Try it |
Find the word "blast" in the listing, and copy out each line where it turns up.

Listed entries |
lemma unique_parent_TR:
  assumes "z \<in> TW" "z \<noteq> \<rho>"
  shows "\<exists>!y. (y, z) \<in> edges TR"
proof -
  obtain q where q: "is_position \<sigma> q" "z = enc q" "q \<noteq> []"
    using assms unfolding TW_def \<rho>_def by blast
  then have "is_position \<sigma> (butlast q @ [last q])" "z = enc (butlast q @ [last q])"
    by simp_all
  then have "(enc (butlast q), z) \<in> edges TR"
    unfolding edges_def TR_def by blast
  moreover have "y = enc (butlast q)" if yz: "(y, z) \<in> edges TR" for y
  proof -
    obtain r where "(y, z) \<in> TR r"
      using yz unfolding edges_def by blast
    then obtain p i where "y = enc p" "z = enc (p @ [i])"
      unfolding TR_iff by blast
    then show ?thesis
      using q(2) by simp
  qed
  ultimately show ?thesis
    by blast
qed

lemma is_tree_T: "is_tree TW TR"
  unfolding is_tree_def
proof (intro conjI exI)
  show "finite TW"
    by (rule finite_TW)
  show "is_frame TW TR"
    unfolding is_frame_def using TR_sub by blast
  show "\<forall>r s. r \<noteq> s \<longrightarrow> TR r \<inter> TR s = {}"
    using TR_parent_unique by fast
  show "is_root TW TR \<rho>"
    unfolding is_root_def TW_def \<rho>_def using reachable_from_\<rho> \<rho>_def by auto
  show "\<forall>y. (y, \<rho>) \<notin> edges TR"
    by (auto simp: edges_def TR_iff \<rho>_def)
  show "\<forall>z\<in>TW. z \<noteq> \<rho> \<longrightarrow> (\<exists>!y. (y, z) \<in> edges TR)"
    using unique_parent_TR by blast
qed

lemma ksat_subformula_at: "is_position \<sigma> p \<Longrightarrow> ksat TR TV (enc p) (subformula_at \<sigma> p)"
proof (induction "size (subformula_at \<sigma> p)" arbitrary: p rule: less_induct)
  case less
  show ?case
  proof (rule ksat_of_top)
    show "\<forall>q\<in>top_vars (subformula_at \<sigma> p). enc p \<in> TV q"
      unfolding TV_def using less.prems by blast
    show "\<forall>(r, \<psi>)\<in>set (top_dias (subformula_at \<sigma> p)). \<exists>w'. (enc p, w') \<in> TR r \<and> ksat TR TV w' \<psi>"
    proof clarify
      fix r \<psi>
      assume "(r, \<psi>) \<in> set (top_dias (subformula_at \<sigma> p))"
      then obtain i where i: "i < length (top_dias (subformula_at \<sigma> p))"
          "top_dias (subformula_at \<sigma> p) ! i = (r, \<psi>)"
        by (metis in_set_conv_nth)
      then have pos: "is_position \<sigma> (p @ [i])" and sub: "subformula_at \<sigma> (p @ [i]) = \<psi>"
        using less.prems by (simp_all add: is_position_snoc subformula_at_snoc)
      have "size \<psi> < size (subformula_at \<sigma> p)"
        using size_top_dia i by (metis nth_mem)
      then have "ksat TR TV (enc (p @ [i])) \<psi>"
        using less.hyps pos sub by blast
      moreover have "(enc p, enc (p @ [i])) \<in> TR r"
        unfolding TR_def using pos i by force
      ultimately show "\<exists>w'. (enc p, w') \<in> TR r \<and> ksat TR TV w' \<psi>"
        by blast
    qed
  qed
qed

Solution to this task |
    using assms unfolding TW_def \<rho>_def by blast
    unfolding edges_def TR_def by blast
      using yz unfolding edges_def by blast
      unfolding TR_iff by blast
    by blast
    unfolding is_frame_def using TR_sub by blast
    using unique_parent_TR by blast
      unfolding TV_def using less.prems by blast
        using less.hyps pos sub by blast
        by blast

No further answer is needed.